Congrats, Ken N Tx; don't forget to share your winnings; I am not interested in the losses!


----------



## Ralphy1 (Jan 9, 2015)

Here is some good news--it is twenty degrees warmer here this morning!


----------



## Pappy (Jan 9, 2015)

Ken N Tx said:


> On a happy note: I just got an e mail that I won a Nigerian Lottery!!



Just send them your bank account numbers and SS numbers and they will get right on it. Very reliable people.


----------



## ClassicRockr (Jan 9, 2015)

Have to agree with you.......just so much bad news that's happened lately. Here, at guy throws his 5 yr. old over the side of a bridge into the water below. She dies. A Cpl. Deputy and his family, in Georgia, are killed in an apparent murder-suicide by the step-son. A teen girl shoots/kills her brother. On and on and on about murders/killings. I had to turn the channel off our local news last night b/c I got tired of hearing about it. 



Ameriscot said:


> In the last 3+ weeks there's been the Sydney hostage situation, then from my home area 6 people killed in an accident in Glasgow just before xmas, then the AirAsia plane crash, then the 12 killed in Paris.  This is so depressing.
> 
> Here is Thailand we've been watching France24, a news station that's in English.  Seems like every time we turn it on there's another Breaking News story.
> 
> Enough already.  Some good news in the world please!


----------



## Josiah (Jan 9, 2015)

In a world with seven billion inhabitants horrible things happen every day and the media knows that bad news is what people want to watch/read about. The really tragic stories usually happen in the third world and we never hear about them.


----------



## Vivjen (Jan 9, 2015)

I listen to the World Service quite a lot....not all tragic, but lots of interesting stuff going on in all kinds of places; not too much politics either....


----------



## AprilT (Jan 9, 2015)

Pappy said:


> Just send them your bank account numbers and SS numbers and they will get right on it. Very reliable people.
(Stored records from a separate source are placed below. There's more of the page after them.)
(* Let $\mathbb{X}\subset\mathbb{R}^n$ be a Lebesgue-measurable compact set and let $f:\mathbb{R}^n\to\mathbb{R}$ be positive homogeneous with $f|_{\mathbb{X}}$ Lebesgue integrable. Then for every $\epsilon>0$ there exists a finite-depth HomoMLP $\mathcal{A}'$ with ReLU activations and width at most $2(n+4)$, representing a function $F_{\mathcal{A}'}:\mathbb{R}^n\to\mathbb{R}$, such that $\int_{\mathbb{X}}|f(x)-F_{\mathcal{A}'}(x)|\,dx<\epsilon$.
   Context: A function $g$ is positive homogeneous iff $g(\lambda x)=\lambda g(x)$ for all $x$ and all $\lambda>0$. A HomoMLP is a multilayer perceptron without bias terms whose activation functions are positive homogeneous, i.e. a function of the form $x\mapsto W_L\,\sigma(W_{L-1}\,\sigma(\cdots\sigma(W_1x)\cdots))$ with weight matrices $W_1,\dots,W_L$ and positive homogeneous activation $\sigma$ applied coordinatewise (here $\sigma=\mathrm{ReLU}$). Its width is the maximal number of rows among $W_1,\dots,W_{L-1}$. *)

theory Defs
  imports "HOL-Analysis.Analysis"
begin

definition positive_homogeneous :: "('a::real_vector \<Rightarrow> real) \<Rightarrow> bool" where
  "positive_homogeneous g \<longleftrightarrow> (\<forall>x. \<forall>c::real. c > 0 \<longrightarrow> g (c *\<^sub>R x) = c * g x)"

definition relu :: "real \<Rightarrow> real" where
  "relu t = max 0 t"

definition mat_vec :: "real list list \<Rightarrow> real list \<Rightarrow> real list" where
  "mat_vec W v = map (\<lambda>r. sum_list (map2 (*) r v)) W"

fun eval_layers :: "real list list list \<Rightarrow> real list \<Rightarrow> real list" where
  "eval_layers [] h = h"
| "eval_layers (W # Ws) h = eval_layers Ws (mat_vec W (map relu h))"

text \<open>A bias-free ReLU MLP x \<mapsto> W_L relu(W_{L-1} relu(... relu(W_1 x))).
  W1 is the first weight matrix, given by its rows (vectors in R^n);
  Ws = [W_2, ..., W_L] are the remaining matrices given as lists of rows.\<close>
definition homo_mlp_fun :: "(real^'n) list \<Rightarrow> real list list list \<Rightarrow> real^'n \<Rightarrow> real" where
  "homo_mlp_fun W1 Ws x = hd (eval_layers Ws (map (\<lambda>r. r \<bullet> x) W1))"

definition homo_mlp_wf :: "(real^'n) list \<Rightarrow> real list list list \<Rightarrow> bool" where
  "homo_mlp_wf W1 Ws \<longleftrightarrow>
     (let dims = length W1 # map length Ws in
        last dims = 1 \<and> (\<forall>i<length Ws. \<forall>r\<in>set (Ws ! i). length r = dims ! i))"

definition homo_mlp_width :: "(real^'n) list \<Rightarrow> real list list list \<Rightarrow> nat" where
  "homo_mlp_width W1 Ws = foldr max (butlast (length W1 # map length Ws)) 0"

end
Don't forget to include a blank check endorsed to them for final verification purposes.

Man, this is such good news knowing one of our very own hit the jackpot.  :woohoo1:


----------



## Ameriscot (Jan 9, 2015)

Josiah09 said:


> In a world with seven billion inhabitants horrible things happen every day and the media knows that bad news is what people want to watch/read about. The really tragic stories usually happen in the third world and we never hear about them.



No, third world countries don't make the news much and their tragedies and atrocities can beat the western worlds any day. How much do any of you know about the genocide in Rwanda? The details are too gruesome to mention. And the dictators in African countries...OMG the things they do!


----------



## Josiah (Jan 9, 2015)

I gather you haven't "gone native" on your island in Thailand, or have you?


----------



## Ameriscot (Jan 10, 2015)

Josiah09 said:


> I gather you haven't "gone native" on your island in Thailand, or have you?



I wouldn't call Thailand third world. It's very modern in many places. Love the Thais as they are so nice. We've learned hello and thank you and the folding of hands with a very slight bow.  I almost feel local. 

I did live in Uganda for two years though and much of it was primitive. Definitely third world. We acclimatised well there after a few months.


----------



## hollydolly (Jan 10, 2015)

...but of course let's not forget the tragedy of young British  holiday makers Hannah Witheridge, and David Miller who were killed on the beach in Thailand in September, and whose Aunt is a member of this forum,....... and who's supposed killers are in custody right now declaring their innocence.


----------



## Ameriscot (Jan 10, 2015)

hollydolly said:


> ...but of course let's not forget the tragedy of young British  holiday makers Hannah Witheridge, and David Miller who were killed on the beach in Thailand in September, and whose Aunt is a member of this forum,....... and who's supposed killers are in custody right now declaring their innocence.



Yes, I do remember it well Holly. Very sad for her family. Not a lot of faith in the Thai justice system.

I was just thinking about all the things that have happened very recently. Bam bam bam. Overload.


----------



## hollydolly (Jan 10, 2015)

Oooh yes they have Ameriscot...it's been a very much an overload recently as you say..


----------



## Ken N Tx (Jan 14, 2015)

Ken N Tx said:


> On a happy note: I just got an e mail that I won a Nigerian Lottery!!





Vivjen said:


> Congrats, Ken N Tx; don't forget to share your winnings; I am not interested in the losses!





Pappy said:


> Just send them your bank account numbers and SS numbers and they will get right on it. Very reliable people.





AprilT said:


> Don't forget to include a blank check endorsed to them for final verification purposes.
> 
> Man, this is such good news knowing one of our very own hit the jackpot.  :woohoo1:



I gots my winnings today!!!!!
.
.

.


----------